Пожар и тьма, солнце и кровь, непокорство и сомнение – это Ади. А Круди?.. Краеугольный камень и существеннейший признак его мироощущения и эстетики – желание отдаться как бы останавливаемому мгновению. Излюбленное его творческое, зачастую изображаемое и воспеваемое состояние – это некое предзакатное созерцание, которое милее ему яркого восхода и полдневного жара, пагубного, быть может, действия и движения, социальных гроз и экстатических порывов. Созерцание, в силу все той же «экзистенциальной» небезусловности, необеспеченности овеянное элегической дымкой. «Жил. Страдал… Порой, осенним каким-нибудь деньком, был почти счастлив. Но внутренне все словно погладывал на часы. Чему радоваться? Все равно скоро завечереет», – признавался он в предуведомлении к сборнику рассказов «Славные деньки на улице Аранькёз» (1916).
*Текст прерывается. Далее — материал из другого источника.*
(* Assume the standing conventions of the context and suppose $\mathcal D_{Z,Z'}\neq\emptyset$. (i) If $\Lambda\in\overline{\mathcal S}_Z$ and $\Lambda'_0\in B^+_\Lambda$, then $B^+_\Lambda=\{\Lambda'_0+\Lambda'\mid \Lambda'\in D_Z\}$. (ii) If $\Lambda'\in\overline{\mathcal S}_{Z'}$ and $\Lambda_0\in B^+_{\Lambda'}$, then $B^+_{\Lambda'}=\{\Lambda_0+\Lambda\mid\Lambda\in D_{Z'}\}$.
   Context: A symbol is an array $\Lambda=\binom{a'_1,\ldots,a'_{m_1}}{b'_1,\ldots,b'_{m_2}}$ of two strictly decreasing finite sequences of nonnegative integers (top row, bottom row); its defect is $\mathrm{def}(\Lambda)=m_1-m_2$. Standing assumptions: $Z=\binom{a_1,\ldots,a_{m+1}}{b_1,\ldots,b_m}$ is a special symbol of defect $1$, i.e. $a_1\ge b_1\ge a_2\ge b_2\ge\cdots\ge b_m\ge a_{m+1}$; $Z'=\binom{c_1,\ldots,c_{m'}}{d_1,\ldots,d_{m'}}$ is a special symbol of defect $0$, i.e. $c_1\ge d_1\ge c_2\ge d_2\ge\cdots\ge c_{m'}\ge d_{m'}$; and $m'\in\{m,m+1\}$. For a symbol $Y$, $Y_{\mathrm I}$ is the set of entries of $Y$ occurring in exactly one row. For $M\subset Z_{\mathrm I}$, $\Lambda_M$ is the symbol obtained from $Z$ by moving every entry of $M$ to the other row (rows re-sorted decreasingly); for $N\subset Z'_{\mathrm I}$, $\Lambda_N$ is obtained from $Z'$ in the same way. $\overline{\mathcal S}_Z=\{\Lambda_M: M\subset Z_{\mathrm I}\}$, $\overline{\mathcal S}_{Z'}=\{\Lambda_N:N\subset Z'_{\mathrm I}\}$; $\mathcal S_{Z,1}$ (resp. $\mathcal S_{Z',0}$) is the set of elements of $\overline{\mathcal S}_Z$ of defect $1$ (resp. of $\overline{\mathcal S}_{Z'}$ of defect $0$). Sum: $\Lambda_{M_1}+\Lambda_{M_2}:=\Lambda_{(M_1\cup M_2)\smallsetminus(M_1\cap M_2)}$ (for subsets of $Z_{\mathrm I}$, and likewise of $Z'_{\mathrm I}$). Relation $\overline{\mathcal B}^+_{Z,Z'}\subset\overline{\mathcal S}_Z\times\overline{\mathcal S}_{Z'}$: for $\Lambda=\binom{a'_1,\ldots,a'_{m_1}}{b'_1,\ldots,b'_{m_2}}\in\overline{\mathcal S}_Z$ and $\Lambda'=\binom{c'_1,\ldots,c'_{m'_1}}{d'_1,\ldots,d'_{m'_2}}\in\overline{\mathcal S}_{Z'}$, $(\Lambda,\Lambda')\in\overline{\mathcal B}^+_{Z,Z'}$ iff $\mathrm{def}(\Lambda')=1-\mathrm{def}(\Lambda)$ and: if $m'=m$, $a'_i>d'_i\ge a'_{i+1}$ for $1\le i\le m'_2$ and $b'_{i-1}>c'_i\ge b'_i$ for $1\le i\le m'_1$; if $m'=m+1$, $a'_i\ge d'_i>a'_{i+1}$ for $1\le i\le m'_2$ and $b'_{i-1}\ge c'_i>b'_i$ for $1\le i\le m'_1$; here $b'_0=+\infty$ and nonexistent entries $a'_j,b'_j$ beyond the row lengths are $-\infty$. Then $\mathcal D_{Z,Z'}=\overline{\mathcal B}^+_{Z,Z'}\cap(\mathcal S_{Z,1}\times\mathcal S_{Z',0})$, $D_Z=\{\Lambda'\mid (Z,\Lambda')\in\mathcal D_{Z,Z'}\}$, $D_{Z'}=\{\Lambda\mid(\Lambda,Z')\in\mathcal D_{Z,Z'}\}$, and for $\Lambda\in\overline{\mathcal S}_Z$, $\Lambda'\in\overline{\mathcal S}_{Z'}$: $B^+_\Lambda=\{\Lambda''\in\overline{\mathcal S}_{Z'}\mid(\Lambda,\Lambda'')\in\overline{\mathcal B}^+_{Z,Z'}\}$ and $B^+_{\Lambda'}=\{\Lambda''\in\overline{\mathcal S}_{Z}\mid(\Lambda'',\Lambda')\in\overline{\mathcal B}^+_{Z,Z'}\}$. *)

theory Defs
  imports Main "HOL-Library.Extended_Real"
begin

text \<open>A symbol is a pair (top row, bottom row) of finite sets of natural numbers;
  each row is read as its strictly decreasing enumeration.\<close>
type_synonym symbol = "nat set \<times> nat set"

text \<open>The i-th largest entry (1-indexed) of a row; nonexistent entries are minus infinity.\<close>
definition entry :: "nat set \<Rightarrow> nat \<Rightarrow> ereal" where
  "entry S i = (if 1 \<le> i \<and> i \<le> card S
                then ereal (real (rev (sorted_list_of_set S) ! (i - 1))) else -\<infinity>)"

definition bentry :: "nat set \<Rightarrow> nat \<Rightarrow> ereal" where
  "bentry S i = (if i = 0 then \<infinity> else entry S i)"
lemma is_csca_mat_pow:
  assumes "is_csca A"
  shows "is_csca (mat_pow A n)"
proof -
  have pal: "mat2_all is_palindrome A" and det: "mat_det A = lp_one"
    using assms by (simp_all add: is_csca_iff)
  from pal have lp: "mat2_all is_lpoly A" by (rule mat2_all_is_lpoly_if_palindrome)
  have "fls_of_lpoly (mat_det (mat_pow A n)) = mat2_det (mat2_map fls_of_lpoly A) ^ n"
    using lp by (simp add: fls_of_lpoly_mat_det mat2_all_is_lpoly_mat_pow
        mat2_map_fls_of_lpoly_mat_pow mat2_det_pow)
  also have "\<dots> = fls_of_lpoly lp_one"
    using lp det by (simp flip: fls_of_lpoly_mat_det)
  finally have "mat_det (mat_pow A n) = lp_one"
    using lp by (simp only: fls_of_lpoly_inject is_lpoly_mat_det mat2_all_is_lpoly_mat_pow
        is_lpoly_lp_one)
  with pal show ?thesis by (simp add: is_csca_iff mat2_all_is_palindrome_mat_pow)
qed

lemma is_type_transfer:
  assumes "is_type j v"
  shows "pred_prod is_lpoly is_lpoly v" "sigma_type j (map_prod fls_of_lpoly fls_of_lpoly v)"
proof -
  obtain p where p: "is_lpoly p" "p \<noteq> lp_zero"
    "(j = 1 \<and> v = (p, lp_zero)) \<or> (j = 2 \<and> v = (p, p)) \<or> (j = 3 \<and> v = (lp_zero, p))"
    using assms unfolding is_type_def by blast
  then have "fls_of_lpoly p \<noteq> 0"
    by (metis fls_of_lpoly_inject fls_of_lpoly_lp_zero is_lpoly_lp_zero)
  with p show "pred_prod is_lpoly is_lpoly v" "sigma_type j (map_prod fls_of_lpoly fls_of_lpoly v)"
    unfolding sigma_type_def by auto
qed

lemma csca_square_eq_id_if_type_preserved:
  assumes "is_csca A" "is_type j v" "is_type j (mat_apply A v)"
  shows "mat_mult A A = mat_id"
proof -
  have pal: "mat2_all is_palindrome A" and det: "mat_det A = lp_one"
    using assms(1) by (simp_all add: is_csca_iff)
  from pal have lp: "mat2_all is_lpoly A" by (rule mat2_all_is_lpoly_if_palindrome)
  have "mat2_all fls_palindromic (mat2_map fls_of_lpoly A)"
    using pal by (cases A) (simp add: fls_palindromic_fls_of_lpoly)
  moreover have "mat2_det (mat2_map fls_of_lpoly A) = 1"
    using lp det by (simp flip: fls_of_lpoly_mat_det)
  ultimately have "mat2_mult (mat2_map fls_of_lpoly A) (mat2_map fls_of_lpoly A) = mat2_one"
    using is_type_transfer[OF assms(2)] is_type_transfer[OF assms(3)] lp
    by (intro sigma_type_preserved_square_eq_one) (simp_all add: map_prod_fls_of_lpoly_mat_apply)
  then show ?thesis
    using lp by (simp add: mat2_map_fls_of_lpoly_inject[symmetric] mat2_all_is_lpoly_mat_mult
        mat2_map_fls_of_lpoly_mat_mult mat_id_def mat2_one_def)
qed

theorem lemmaA1:
  fixes a :: lmat and j :: nat and \<xi> :: lvec
  assumes "is_csca a" and "\<not> is_periodic a"
    and "j \<in> {1, 2, 3}"
    and "is_lpoly (fst \<xi>)" and "is_lpoly (snd \<xi>)" and "\<xi> \<noteq> (lp_zero, lp_zero)"
  shows "\<forall>t1 t2. is_type j (mat_apply (mat_pow a t1) \<xi>) \<and> is_type j (mat_apply (mat_pow a t2) \<xi>)
           \<longrightarrow> t1 = t2"
proof -
  have lpa: "mat2_all is_lpoly a"
    using assms(1) by (simp add: is_csca_iff mat2_all_is_lpoly_if_palindrome)
  then have lp: "mat2_all is_lpoly (mat_pow a n)" for n by (rule mat2_all_is_lpoly_mat_pow)
  have \<xi>: "pred_prod is_lpoly is_lpoly \<xi>" using assms(4,5) by (cases \<xi>) simp
  have "\<not> (is_type j (mat_apply (mat_pow a t) \<xi>) \<and> is_type j (mat_apply (mat_pow a t') \<xi>))"
    if "t < t'" for t t'
  proof
    assume types: "is_type j (mat_apply (mat_pow a t) \<xi>) \<and> is_type j (mat_apply (mat_pow a t') \<xi>)"
    define s where "s = t' - t"
    have "s > 0" "t' = s + t" using \<open>t < t'\<close> by (simp_all add: s_def)
    then have "mat_apply (mat_pow a t') \<xi> = mat_apply (mat_mult (mat_pow a s) (mat_pow a t)) \<xi>"
      using lpa by (simp add: mat_pow_add)
    also have "\<dots> = mat_apply (mat_pow a s) (mat_apply (mat_pow a t) \<xi>)"
      by (rule mat_apply_mat_mult[OF lp lp \<xi>])
    finally have "mat_mult (mat_pow a s) (mat_pow a s) = mat_id"
      using types is_csca_mat_pow[OF assms(1)] csca_square_eq_id_if_type_preserved by metis
    then have "mat_pow a (s + s) = mat_id" using lpa by (simp add: mat_pow_add)
    moreover have "s + s > 0" using \<open>s > 0\<close> by simp
    ultimately show False using assms(2) unfolding is_periodic_def by blast
  qed
  then show ?thesis by (metis linorder_neqE_nat)
qed

end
Творчество Круди как бы звало ценить минуту, длить то, что есть, даровано судьбой, сущее и примышляемое, отрадное и тешащее; сливаться с ним, предаваться ему, памятуя и догадываясь, что благо – не столько «в бою и бездны мрачной на краю», сколько в миротворящем покое, который тем сладостней лелеять и украшать. «Все мы умерли… Вместе с Францем Иосифом» 7 – вот каким горестным вздохом проводит он спустя десятилетие то сравнительно беззаботное время в письме к известному меценату и покровителю Ади, тоже литератору Лайошу Хатвани. Так пускай пока все будет как было, лучше подождем; будем больше ценить миг выпавшего нам на долю относительного постоянства. Насладимся им, своим недолгим, быть может, довольством и свободой! Вот отражавшее не просто гедонизм «сытого буржуа», который вкушает на рубеже веков плоды цивилизации, а куда более широкое и совсем не безмятежное, бездумное тяготение к устойчивости и спокойствию.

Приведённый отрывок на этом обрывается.